Treasury Secretary Timothy Geithner and Senate Budget Committee Chairman Kent Conrad of North Dakota, the Democrats  said that the Republican plan, which calls for greater austerity and tax relief but no additional revenues to help reduce the deficit, could undermine the fragile economic recovery and push the country back into recession.

In a speech Thursday morning in Baltimore, Geithner sharply criticized what he described as a Republican agenda of “severe, immediate austerity, combined with deep, permanent cuts in education and the safety net for retirees.” He said, "A credible strategy for economic growth requires a willingness to do things, not just to cut things. We have successfully navigated the most dangerous phase of the worst economic crisis in generations.”

In a floor speech yesterday as Democrats and Republicans dueled over budget policy, Conrad defended the Obama administration’s record of leading the country out of the worst financial meltdown and recession of modern time,  26 consecutive months of private sector growth, 11 consecutive months of real GDP growth and a gradual decline in the unemployment rate.

“When our [Republican] friends attack the President and say he did not lead -- really?” Conrad said.  “He averted a depression.  He prevented a financial collapse, because that is exactly where we were headed when the Republicans were in control.”

Conrad said that instead of building on these successes, the Republicans “want to take us to extreme austerity” and “slam on the brakes, even while this economy is in a fragile recovery. “We do not have to wonder what would happen if we adopted the policies they are presenting here on the floor of the Senate today, he said. “We do not have to imagine it; we can just look across to Europe because they are pursuing the policies that our colleagues on the other side advocate here today." 

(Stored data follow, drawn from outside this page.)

lemma nat_map_surj:
  assumes y: "y \<in> Dr d r NS" shows "\<exists>u. tcauchy d r NR NS f u \<and> nat_map d r NR NS f u y"
proof -
  define F where "F n = {\<alpha> \<in> multi_idx d. inverse (real (Suc n)) \<le> wnorm d r NS y \<alpha>}" for n
  have "finite (F n)" for n unfolding F_def by (rule finite_wnorm_ge[OF y]) simp
  then have "\<exists>L. distinct L \<and> set L = F n" for n using finite_distinct_list by blast
  then obtain L where L: "\<And>n. distinct (L n)" "\<And>n. set (L n) = F n" by metis
  define u where "u n = map (\<lambda>\<alpha>. (monomial \<alpha>, y \<alpha>)) (L n)" for n
  have u: "u n \<in> tlists d r NR" for n
    unfolding u_def tlists_def using L(2) monomial_Dr by (auto simp: F_def)
  have "S.ddist (tphi f (u n)) y \<le> inverse (real (Suc n))" for n
    unfolding u_def tphi_monomials[OF L(1)] L(2)
    by (rule dnorm_le) (auto simp: F_def wnorm_def not_le less_imp_le)
  then have lim: "(\<lambda>n. S.ddist (tphi f (u n)) y) \<longlonglongrightarrow> 0"
    by (rule tendsto_0_if_le[OF S.ddist_nonneg[OF tphi_Dr[OF u] y] _ LIMSEQ_inverse_real_of_nat])
  show ?thesis
    using tcauchy_if_tphi_tendsto[OF u y lim] lim y unfolding nat_map_def by blast
qed

lemma nat_map_append:
  assumes u: "\<And>n. u n \<in> tlists d r NR" and v: "\<And>n. v n \<in> tlists d r NR"
    and uy: "nat_map d r NR NS f u y" and vz: "nat_map d r NR NS f v z"
  shows "nat_map d r NR NS f (\<lambda>n. u n @ v n) (\<lambda>\<alpha>. y \<alpha> + z \<alpha>)"
proof -
  have yD: "y \<in> Dr d r NS" and zD: "z \<in> Dr d r NS"
    and lim: "(\<lambda>n. S.ddist (tphi f (u n)) y + S.ddist (tphi f (v n)) z) \<longlonglongrightarrow> 0"
    using uy vz tendsto_add_zero unfolding nat_map_def by auto
  have "S.ddist (tphi f (u n @ v n)) (\<lambda>\<alpha>. y \<alpha> + z \<alpha>)
      \<le> max (S.ddist (tphi f (u n)) y) (S.ddist (tphi f (v n)) z)" for n
    using S.dnorm_add_le_max[OF S.Dr_diff[OF tphi_Dr[OF u] yD] S.Dr_diff[OF tphi_Dr[OF v] zD]]
    by (simp add: tphi_append algebra_simps)
  also have "max (S.ddist (tphi f (u n)) y) (S.ddist (tphi f (v n)) z)
      \<le> S.ddist (tphi f (u n)) y + S.ddist (tphi f (v n)) z" for n
    using S.ddist_nonneg[OF tphi_Dr[OF u] yD] S.ddist_nonneg[OF tphi_Dr[OF v] zD] by simp
  finally have "(\<lambda>n. S.ddist (tphi f (u n @ v n)) (\<lambda>\<alpha>. y \<alpha> + z \<alpha>)) \<longlonglongrightarrow> 0"
    using S.Dr_add[OF yD zD] u v
    by (intro tendsto_0_if_le[OF S.ddist_nonneg _ lim] tphi_Dr) auto
  then show ?thesis using S.Dr_add[OF yD zD] unfolding nat_map_def by blast
qed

The Democrats were responding to Boehner’s speech Tuesday demanding once again that President Obama and the Democrats go along with trillions of dollars in additional cuts and savings to match another boost in the debt ceiling. Boehner also vowed to schedule votes before the election on the heart of the Republican economic policies, including an extension of the two Bush-era tax cuts, and other major tax reforms – but without increasing tax rates on the wealthy, as Obama has insisted.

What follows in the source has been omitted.